Ya'll make me laugh...Thanks, i needed that


----------



## lilbigtonka (Dec 30, 2008)

well i thought i was done with the brute but i guess not

http://cgi.ebay.com/Stream-Machine-...158?pt=LH_DefaultDomain_0&hash=item2eaac79cde


now im def glad i got my concealed permit.......really i think i might order one lol


----------



## Made-In-TX (Aug 16, 2010)

LOL that's the one Tonka! I got the orange to match my bike. Haha. It's definitely one of the best additions I've made to the bike sine I've had it!

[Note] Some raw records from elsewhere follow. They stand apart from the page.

lemma convex_on_gradient_inequality:
  fixes f :: "'a::real_inner \<Rightarrow> real"
  assumes "convex_on UNIV f" and "(f has_derivative (\<lambda>h. g \<bullet> h)) (at x)"
  shows "f x + g \<bullet> (y - x) \<le> f y"
proof -
  define \<phi> where "\<phi> t = f (x + t *\<^sub>R (y - x))" for t :: real
  have "((\<lambda>t::real. x + t *\<^sub>R (y - x)) has_derivative (\<lambda>h. h *\<^sub>R (y - x))) (at 0)"
    by (auto intro!: derivative_eq_intros)
  moreover have "(f has_derivative (\<lambda>h. g \<bullet> h)) (at (x + 0 *\<^sub>R (y - x)))"
    using assms(2) by simp
  ultimately have "(\<phi> has_derivative (\<lambda>h. g \<bullet> (h *\<^sub>R (y - x)))) (at 0)"
    unfolding \<phi>_def by (rule has_derivative_compose)
  then have "(\<phi> has_real_derivative (g \<bullet> (y - x))) (at 0)"
    unfolding has_field_derivative_def by (simp add: mult.commute[of _ "g \<bullet> (y - x)"])
  moreover have "convex_on UNIV \<phi>"
    unfolding \<phi>_def using assms(1) by (rule convex_on_along_line)
  ultimately have "g \<bullet> (y - x) * (1 - 0) \<le> \<phi> 1 - \<phi> 0"
    by (intro convex_on_imp_above_tangent) auto
  then show ?thesis unfolding \<phi>_def by simp
qed

lemma strictly_convex_on_gradient_inequality:
  fixes f :: "'a::real_inner \<Rightarrow> real"
  assumes "strictly_convex_on UNIV f" and "(f has_derivative (\<lambda>h. g \<bullet> h)) (at x)"
    and "x \<noteq> y"
  shows "f x + g \<bullet> (y - x) < f y"
proof -
  define m where "m = (1 - 1/2) *\<^sub>R x + (1/2::real) *\<^sub>R y"
  have "\<forall>t. 0 < t \<and> t < 1 \<longrightarrow> f ((1 - t) *\<^sub>R x + t *\<^sub>R y) < (1 - t) * f x + t * f y"
    using assms(1,3) unfolding strictly_convex_on_def by blast
  from spec[OF this, of "1/2"] have "f m < (1 - 1/2) * f x + (1/2) * f y"
    unfolding m_def by simp
  moreover have "f x + g \<bullet> (m - x) \<le> f m"
    using assms(1,2) by (intro convex_on_gradient_inequality strictly_convex_on_imp_convex_on) auto
  moreover have "m - x = (1/2) *\<^sub>R (y - x)"
    unfolding m_def by (simp add: algebra_simps flip: scaleR_add_left)
  ultimately show ?thesis by (simp add: inner_scaleR_right)
qed

lemma strictly_convex_on_gradient_strictly_monotone:
  fixes f :: "'a::real_inner \<Rightarrow> real"
  assumes "strictly_convex_on UNIV f" and "\<And>x. (f has_derivative (\<lambda>h. g x \<bullet> h)) (at x)"
    and "x \<noteq> y"
  shows "0 < (g x - g y) \<bullet> (x - y)"
proof -
  have "f x + g x \<bullet> (y - x) < f y" "f y + g y \<bullet> (x - y) < f x"
    using assms by (auto intro!: strictly_convex_on_gradient_inequality)
  moreover have "g x \<bullet> (y - x) = - (g x \<bullet> (x - y))"
    by (simp add: inner_diff_right)
  ultimately show ?thesis by (simp add: inner_diff_left)
qed
lemma mismatch_le_letter_cost: "(if u \<noteq> v then 1 else 0) \<le> letter_cost u x + letter_cost v x"
  by (simp add: letter_cost_def)

text \<open>Resolving a mismatch by a dollar charges 1/2 to each side, by a letter 1 to one side.\<close>
lemma letter_cost_resolved:
  "x \<in> {Some u, Some v, None} \<Longrightarrow> u \<noteq> v \<Longrightarrow> letter_cost u x + letter_cost v x \<le> 1"
  by (auto simp: letter_cost_def)

lemma weight_eq_sum:
  assumes "length U' = length U"
  shows "weight U U' = (\<Sum>i<length U. letter_cost (U ! i) (U' ! i))"
proof -
  have "real (hamming (map Some U) U') = (\<Sum>i<length U. if Some (U ! i) \<noteq> U' ! i then 1 else 0)"
    using hamming_eq_sum[of "map Some U" U'] assms by simp
  moreover have "real (count_dollar U') = (\<Sum>i<length U. if U' ! i = None then 1 else 0)"
    unfolding count_dollar_def length_filter_conv_card using real_card_lessThan_filter assms by simp
  ultimately have "weight U U' = (\<Sum>i<length U.
      (if Some (U ! i) \<noteq> U' ! i then 1 else 0) - (if U' ! i = None then 1 else 0) / 2)"
    unfolding weight_def by (simp add: sum_subtractf sum_divide_distrib)
  also have "\<dots> = (\<Sum>i<length U. letter_cost (U ! i) (U' ! i))"
    by (rule sum.cong) (auto simp: letter_cost_def)
  finally show ?thesis .
qed

lemma weight_nonneg: "length U' = length U \<Longrightarrow> weight U U' \<ge> 0"
  by (simp add: weight_eq_sum sum_nonneg letter_cost_nonneg)

lemma half_int_of_nat: "half_int (real n)"
  unfolding half_int_def by (rule exI[of _ "2 * int n"]) simp
lemma monomial_subcode_subset_GSS:
  assumes \<pi>: "\<pi> permutes {..<n}" and f: "\<forall>i<n. f i \<in> GLq F m"
    and \<beta>: "\<forall>i<n. f i (coords F m B (\<beta> i)) = (\<lambda>_. 0)(u (\<pi> i) := 1)"
  shows "monomial_subcode F n \<pi> \<beta> C \<subseteq> GSS F n m B u f \<pi> C"
proof
  fix a assume "a \<in> monomial_subcode F n \<pi> \<beta> C"
  then obtain c where a: "a \<in> subvecs F n" and "c \<in> C" and c: "\<forall>i<n. c i = \<beta> i * a (\<pi> i)"
    unfolding monomial_subcode_def by blast
  let ?x = "mon_map n \<pi> f (Phi F n m B c)"
  have "?x (\<pi> i) = (\<lambda>_. 0)(u (\<pi> i) := a (\<pi> i))" if i: "i < n" for i
  proof -
    have "a (\<pi> i) \<in> F"
      using a i permutes_lessThan_iff[OF \<pi>] unfolding subvecs_def by blast
    then show ?thesis
      using GLq_coords_smult_preimage[of "f i" "\<beta> i" "u (\<pi> i)" "a (\<pi> i)"] f \<beta> c i
        mon_map_Phi_apply[OF \<pi> i, of f F m B c]
      by (simp add: mult.commute)
  qed
  then have x: "\<forall>j<n. ?x j = (\<lambda>_. 0)(u j := a j)"
    using permutes_lessThan_all[OF \<pi>, of "\<lambda>j. ?x j = (\<lambda>_. 0)(u j := a j)"] by blast
  then have "\<forall>j<n. \<forall>l<m. l \<noteq> u j \<longrightarrow> ?x j l = 0"
    by simp
  moreover have "a = (\<lambda>j. if j < n then ?x j (u j) else 0)"
    using a x unfolding subvecs_def vecs_def by (simp add: fun_eq_iff)
  ultimately show "a \<in> GSS F n m B u f \<pi> C"
    unfolding mem_GSS_iff using \<open>c \<in> C\<close> by blast
qed

lemma GSS_in_monomial_subcodes:
  assumes \<pi>: "\<pi> permutes {..<n}" and u: "\<forall>j<n. u j < m" and f: "\<forall>i<n. f i \<in> GLq F m"
  shows "GSS F n m B u f \<pi> C
    \<in> {monomial_subcode F n \<sigma> w C | \<sigma> w. \<sigma> permutes {..<n} \<and> (\<forall>i<n. w i \<noteq> 0)}"
proof -
  have "\<exists>b. b \<noteq> 0 \<and> f i (coords F m B b) = (\<lambda>_. 0)(u (\<pi> i) := 1)" if "i < n" for i
  proof -
    have "f i \<in> GLq F m" and "u (\<pi> i) < m"
      using f u permutes_lessThan_iff[OF \<pi>] that by auto
    then obtain b where "b \<noteq> 0" and "f i (coords F m B b) = (\<lambda>_. 0)(u (\<pi> i) := 1)"
      by (rule GLq_coords_preimage_single)
    then show ?thesis
      by blast
  qed
  then obtain \<beta> where \<beta>_nonzero: "\<forall>i<n. \<beta> i \<noteq> 0"
    and \<beta>: "\<forall>i<n. f i (coords F m B (\<beta> i)) = (\<lambda>_. 0)(u (\<pi> i) := 1)"
    by metis
  have "GSS F n m B u f \<pi> C = monomial_subcode F n \<pi> \<beta> C"
    using GSS_subset_monomial_subcode[OF \<pi> f \<beta>] monomial_subcode_subset_GSS[OF \<pi> f \<beta>] by blast
  then show ?thesis
    using \<pi> \<beta>_nonzero by blast
qed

We were at Muddapalooza and had 2 kids keep throwin mud at us so I sucked up some ice cold water from the cooler and snuck up behind 'em and let's just say they didn't throw any more mud...... bwahahahahahahaha


----------



## filthyredneck (Feb 10, 2010)

walker said:


> me too but it will not be for cleaning my radiator .. be for squirting my riding buddies with cooler water ... bwhahahahahha


Dangit! Now I guess I gotta buy one too! Thanks Made-In-Tx....for startin a friggin water gun war, I can see us all at Mudstock. Dont dare turn your back or screw around and get stuck somewhere....or you'll have cold water shot at your azz. LOL...should really liven things up


----------



## meangreen360 (May 3, 2009)

Yeah! Classic


----------



## bayou_boy_22 (Mar 13, 2009)

Just make sure y'all get video of walker crying when he is stuck swinging his flip flop at everyone that is spraying him with cooler water. Lol


----------



## uppidycon (Jan 7, 2010)

gpinjason said:


> You know... of all the great information this website has to offer... that water gun idea was a great addition to the database!! thanks for that, I think I have one of those guns somewhere around here, and I think I'll be strapping it on the rack for the next ride... LOL


YES, as i read this, i thought of doeboy.. he's always having radiator issues..

bike looks good..


----------



## walker (Apr 5, 2009)

bayou_boy_22 said:


> Just make sure y'all get video of walker crying when he is stuck swinging his flip flop at everyone that is spraying him with cooler water. Lol


 
ha i'm light on my feet .. they better want it pretty bad if they goin to spray me .. i have a secret weapon up my sleeve


----------



## meangreen360 (May 3, 2009)

More secrets huh? Mind freak!


----------



## walker (Apr 5, 2009)

get my 98 pound body guard after yalls azz's


----------